Man, it felt just like coming home.
Like many places in Chinatown, the alley ran to bright and garish, but a few shadowy corners held up the sides. The stall I wanted was at the far end of the Brass Fish, nearly at the juncture where the walkway split into four slender pathways leading deeper into the stews. Getting through the crowd was easy enough, only a bit of a shuffle past a fresh vegetable stall selling cheap mangos and lychee. The jostling I took as my due. If I was stupid enough to be walking down the marketplace after sunset, I was going to have to expect some roughness. Most of the elderly Asian women—human and fae—were cutthroat shoppers, willing to dig an elbow in between someone’s ribs and dislodge their lung if it meant a cheaper price on lup cheong or shoyu eggs. One caught me in the sternum, expelling the air out of my chest, and I quickened my pace, excusing myself in Cantonese while I waged a territory battle with a flock of little old ladies who could give a gate dragon a run for its money.
I also kept my arm tucked in, protecting my newly reacquired gun and my wallet. As comfortable as I felt in the stews, I wasn’t stupid.

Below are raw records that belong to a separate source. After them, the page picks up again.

(* Let $a_1,\dots,a_n>0$, $B>0$, and $\tilde{x}\in\mathbb{R}^n$ with $\sum_j a_j\tilde{x}_j\neq0$. Then $\pi_{\mathrm{PoS}}(\tilde{x})$ is an optimal solution of $$\min_{v\in\Delta_n}\ \frac{B}{2}\big\|v-P^F(\tilde{x})\big\|_1. \qquad (\ast)$$ Moreover, if $\sum_{j=1}^na_j\tilde{x}_j>0$, then $\pi_{\mathrm{BL}}(\tilde{x})$ is also an optimal solution of $(\ast)$.
   Context: $\Delta_n=\{v\in\mathbb{R}^n:v\ge0,\ \sum_iv_i=1\}$. For $y$ with $\sum_ja_jy_j\ne0$, $P^F(y)_i=\frac{a_iy_i}{\sum_{j=1}^na_jy_j}$. The projection-onto-simplex mechanism is $\pi_{\mathrm{PoS}}(\tilde{x})=\arg\min_{v\in\Delta_n}\|v-P^F(\tilde{x})\|_2$. The baseline mechanism is $\pi_{\mathrm{BL}}(\tilde{x})_i=\frac{a_i(\tilde{x}_i)_+}{\sum_{j=1}^na_j(\tilde{x}_j)_+}$, where $(y)_+=\max\{y,0\}$ (well-defined when some $\tilde{x}_j>0$, in particular when $\sum_ja_j\tilde{x}_j>0$). *)

theory Defs
  imports "HOL-Analysis.Analysis"
begin

definition prob_simplex :: "(real ^ 'n) set" where
  "prob_simplex = {v. (\<forall>i. 0 \<le> v $ i) \<and> (\<Sum>i\<in>UNIV. v $ i) = 1}"

definition PF :: "real ^ 'n \<Rightarrow> real ^ 'n \<Rightarrow> real ^ 'n" where
  "PF a y = (\<chi> i. a $ i * y $ i / (\<Sum>j\<in>UNIV. a $ j * y $ j))"

definition pi_PoS :: "real ^ 'n \<Rightarrow> real ^ 'n \<Rightarrow> real ^ 'n" where
  "pi_PoS a x = closest_point prob_simplex (PF a x)"

definition pi_BL :: "real ^ 'n \<Rightarrow> real ^ 'n \<Rightarrow> real ^ 'n" where
  "pi_BL a x = (\<chi> i. a $ i * max (x $ i) 0 / (\<Sum>j\<in>UNIV. a $ j * max (x $ j) 0))"

definition l1norm :: "real ^ 'n \<Rightarrow> real" where
  "l1norm v = (\<Sum>i\<in>UNIV. \<bar>v $ i\<bar>)"

definition optimal_l1 :: "real \<Rightarrow> real ^ 'n \<Rightarrow> real ^ 'n \<Rightarrow> bool" where
  "optimal_l1 B p v \<longleftrightarrow> v \<in> prob_simplex \<and>
     (\<forall>w\<in>prob_simplex. B / 2 * l1norm (v - p) \<le> B / 2 * l1norm (w - p))"

end

theory Submission
  imports Defs
begin

text \<open>Both mechanisms are optimal because of a single criterion. For vectors with equal
  coordinate sums, \<open>\<parallel>v - p\<parallel>\<^sub>1 = 2 \<Sum>\<^sub>i (v\<^sub>i - p\<^sub>i)\<^sub>+\<close>, and on the simplex every summand is at
  least \<open>(-p\<^sub>i)\<^sub>+\<close>; so any point of the simplex with \<open>v\<^sub>i \<le> (p\<^sub>i)\<^sub>+\<close> for all \<open>i\<close> attains this
  lower bound and is an \<open>\<ell>\<^sub>1\<close>-minimiser. The Euclidean projection satisfies the criterion
  since otherwise moving the mass of an overfull coordinate to an underfull one would bring it
  closer to \<open>p\<close>; the baseline satisfies it because its normaliser \<open>\<Sum>\<^sub>j a\<^sub>j (x\<^sub>j)\<^sub>+\<close> dominates
  \<open>\<Sum>\<^sub>j a\<^sub>j x\<^sub>j > 0\<close>.\<close>

lemma closed_prob_simplex: "closed (prob_simplex :: (real ^ 'n) set)"
proof -
  have "(prob_simplex :: (real ^ 'n) set) =
      {v. \<forall>i. 0 \<le> v $ i} \<inter> {v. (\<Sum>i\<in>UNIV. v $ i) = 1}"
    by (auto simp: prob_simplex_def)
  moreover have "closed {v :: real ^ 'n. \<forall>i. 0 \<le> v $ i}"
    by (intro closed_Collect_all closed_Collect_le continuous_intros)
  moreover have "closed {v :: real ^ 'n. (\<Sum>i\<in>UNIV. v $ i) = 1}"
    by (intro closed_Collect_eq continuous_intros)
  ultimately show ?thesis
    by (metis closed_Int)
qed

lemma convex_prob_simplex: "convex (prob_simplex :: (real ^ 'n) set)"
  unfolding convex_def prob_simplex_def
  by (auto simp: sum.distrib sum_distrib_left[symmetric])

lemma axis_in_prob_simplex: "axis k 1 \<in> prob_simplex"
  by (simp add: prob_simplex_def axis_def)

lemma prob_simplex_nonempty: "prob_simplex \<noteq> {}"
  using axis_in_prob_simplex by blast

lemma closest_point_in_prob_simplex: "closest_point prob_simplex p \<in> prob_simplex"
  by (rule closest_point_in_set[OF closed_prob_simplex prob_simplex_nonempty])

lemma l1norm_diff_eq_twice_positive_part:
  fixes v p :: "real ^ 'n"
  assumes "(\<Sum>i\<in>UNIV. v $ i) = (\<Sum>i\<in>UNIV. p $ i)"
  shows "l1norm (v - p) = 2 * (\<Sum>i\<in>UNIV. max (v $ i - p $ i) 0)"
proof -
  have "\<bar>v $ i - p $ i\<bar> = 2 * max (v $ i - p $ i) 0 - (v $ i - p $ i)" for i
    by (simp add: max_def abs_if)
  then have "l1norm (v - p) =
      2 * (\<Sum>i\<in>UNIV. max (v $ i - p $ i) 0) - (\<Sum>i\<in>UNIV. v $ i - p $ i)"
    by (simp add: l1norm_def sum_subtractf sum_distrib_left)
  with assms show ?thesis
    by (simp add: sum_subtractf)
qed

lemma optimal_l1_if_below_positive_part:
  fixes p w :: "real ^ 'n"
  assumes "0 \<le> B" and p_sum: "(\<Sum>i\<in>UNIV. p $ i) = 1" and w: "w \<in> prob_simplex"
    and below: "\<And>i. w $ i \<le> max (p $ i) 0"
  shows "optimal_l1 B p w"
proof -
  let ?M = "2 * (\<Sum>i\<in>UNIV. max (- p $ i) 0)"
  have "l1norm (v - p) = 2 * (\<Sum>i\<in>UNIV. max (v $ i - p $ i) 0)" if "v \<in> prob_simplex" for v
    using that p_sum by (intro l1norm_diff_eq_twice_positive_part) (simp add: prob_simplex_def)
  moreover have "?M \<le> 2 * (\<Sum>i\<in>UNIV. max (v $ i - p $ i) 0)" if "v \<in> prob_simplex" for v
    using that by (auto simp: prob_simplex_def intro!: sum_mono max.mono)
  moreover have "max (w $ i - p $ i) 0 = max (- p $ i) 0" for i
  proof -
    have "0 \<le> w $ i"
      using w by (simp add: prob_simplex_def)
    with below[of i] show ?thesis
      by (auto simp: max_def)
  qed
  ultimately have "l1norm (w - p) \<le> l1norm (v - p)" if "v \<in> prob_simplex" for v
    using that w by simp
  with assms show ?thesis
    unfolding optimal_l1_def by (auto intro: mult_left_mono)
qed

lemma closest_point_prob_simplex_below_positive_part:
  fixes p :: "real ^ 'n"
  assumes p_sum: "(\<Sum>i\<in>UNIV. p $ i) = 1"
  shows "closest_point prob_simplex p $ k \<le> max (p $ k) 0"
proof (rule ccontr)
  define w where "w = closest_point prob_simplex p"
  assume "\<not> ?thesis"
  then have k: "p $ k < w $ k" "0 < w $ k"
    by (auto simp: w_def)
  have w: "w \<in> prob_simplex"
    unfolding w_def by (rule closest_point_in_prob_simplex)
  have "\<exists>j. w $ j < p $ j"
  proof (rule ccontr)
    assume "\<nexists>j. w $ j < p $ j"
    then have "(\<Sum>i\<in>UNIV. p $ i) < (\<Sum>i\<in>UNIV. w $ i)"
      using k by (intro sum_strict_mono_ex1) (auto simp: not_less)
    with w p_sum show False
      by (simp add: prob_simplex_def)
  qed
  then obtain j where j: "w $ j < p $ j" ..
  with k have "j \<noteq> k" by auto
  define d where "d = w $ k *\<^sub>R (axis j (1::real) - axis k 1)"
  have "(\<Sum>i\<in>UNIV. d $ i) = 0"
    by (simp add: d_def axis_def sum_distrib_left[symmetric] sum_subtractf)
  moreover have "0 \<le> (w + d) $ i" for i
    using w \<open>j \<noteq> k\<close> by (auto simp: prob_simplex_def d_def axis_def)
  ultimately have "w + d \<in> prob_simplex"
    using w by (simp add: prob_simplex_def sum.distrib)
  then have "inner (p - w) d \<le> 0"
    using closest_point_dot[OF convex_prob_simplex closed_prob_simplex]
    by (metis add_diff_cancel_left' w_def)
  moreover have "inner (p - w) d = w $ k * ((p $ j - w $ j) - (p $ k - w $ k))"
    by (simp add: d_def inner_diff_right inner_axis algebra_simps)
  moreover have "0 < w $ k * ((p $ j - w $ j) - (p $ k - w $ k))"
    using j k by (intro mult_pos_pos) auto
  ultimately show False
    by linarith
qed

lemma sum_PF:
  assumes "(\<Sum>j\<in>UNIV. a $ j * x $ j) \<noteq> 0"
  shows "(\<Sum>i\<in>UNIV. PF a x $ i) = 1"
  using assms by (simp add: PF_def sum_divide_distrib[symmetric])

lemma weighted_sum_le_weighted_positive_part_sum:
  fixes a x :: "real ^ 'n"
  assumes "\<And>i. 0 < a $ i"
  shows "(\<Sum>j\<in>UNIV. a $ j * x $ j) \<le> (\<Sum>j\<in>UNIV. a $ j * max (x $ j) 0)"
  using assms by (intro sum_mono mult_left_mono) (auto simp: less_imp_le)

lemma pi_BL_in_prob_simplex:
  assumes "\<And>i. 0 < a $ i" and "0 < (\<Sum>j\<in>UNIV. a $ j * max (x $ j) 0)"
  shows "pi_BL a x \<in> prob_simplex"
  using assms unfolding prob_simplex_def pi_BL_def
  by (simp add: sum_divide_distrib[symmetric] less_imp_le)

lemma pi_BL_below_positive_part_PF:
  assumes a: "\<And>i. 0 < a $ i" and S: "0 < (\<Sum>j\<in>UNIV. a $ j * x $ j)"
  shows "pi_BL a x $ i \<le> max (PF a x $ i) 0"
proof -
  define S where "S = (\<Sum>j\<in>UNIV. a $ j * x $ j)"
  define T where "T = (\<Sum>j\<in>UNIV. a $ j * max (x $ j) 0)"
  have "0 < S" "S \<le> T"
    using S weighted_sum_le_weighted_positive_part_sum[OF a, of x] by (simp_all add: S_def T_def)
  have "pi_BL a x $ i = a $ i * max (x $ i) 0 / T"
    by (simp add: pi_BL_def T_def)
  also have "\<dots> \<le> a $ i * max (x $ i) 0 / S"
    using a[of i] \<open>0 < S\<close> \<open>S \<le> T\<close> by (intro divide_left_mono) auto
  also have "\<dots> = max (PF a x $ i) 0"
    using a[of i] \<open>0 < S\<close>
    by (auto simp: PF_def S_def[symmetric] max_def divide_le_0_iff mult_le_0_iff zero_le_mult_iff)
  finally show ?thesis .
qed

theorem theorem3:
  fixes a x :: "real ^ 'n" and B :: real
  assumes "\<forall>i. 0 < a $ i" and "0 < B"
    and "(\<Sum>j\<in>UNIV. a $ j * x $ j) \<noteq> 0"
  shows "optimal_l1 B (PF a x) (pi_PoS a x)
     \<and> ((\<Sum>j\<in>UNIV. a $ j * x $ j) > 0 \<longrightarrow> optimal_l1 B (PF a x) (pi_BL a x))"
proof (intro conjI impI)
  have a: "\<And>i. 0 < a $ i" and B: "0 \<le> B"
    using assms(1,2) by auto
  note PF_sum = sum_PF[OF assms(3)]
  show "optimal_l1 B (PF a x) (pi_PoS a x)"
    unfolding pi_PoS_def
    using B PF_sum closest_point_in_prob_simplex closest_point_prob_simplex_below_positive_part[OF PF_sum]
    by (rule optimal_l1_if_below_positive_part)
  assume S: "(\<Sum>j\<in>UNIV. a $ j * x $ j) > 0"
  then have "0 < (\<Sum>j\<in>UNIV. a $ j * max (x $ j) 0)"
    using weighted_sum_le_weighted_positive_part_sum[OF a, of x] by linarith
  with a have "pi_BL a x \<in> prob_simplex"
    by (rule pi_BL_in_prob_simplex)
  then show "optimal_l1 B (PF a x) (pi_BL a x)"
    using B PF_sum pi_BL_below_positive_part_PF[OF a S]
    by (intro optimal_l1_if_below_positive_part)
qed

end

Goma and his stall were a Brass Fish fixture, the squat, round-faced fae man working the grill and noodle pots in the too narrow space between the cooktop and the long plank bolted to the front of the stall’s metal frame that his customers used as a table. I’d known Goma and his family since before I could walk, when eating at his stall meant a break from my mother’s horrible attempts at cooking a meal. He was Odonata like I was, but Japanese—a different bloodline of the same clan—and at some point in his life, he’d lost his wings. I’d asked my mother about it when I was young, but she’d been as closemouthed as ever, saying if Goma wanted me to know what happened, he’d tell me.
He never brought it up, but his shirt poked up between his shoulder blades, uneven juts creating a short span of hills on either side of his spine. I still wondered what happened but now was afraid to ask. I couldn’t imagine anyone hurting the gentle, slightly gruff man who served me noodles and snuck me sweets, but the world was a horrible place despite my best efforts to change it.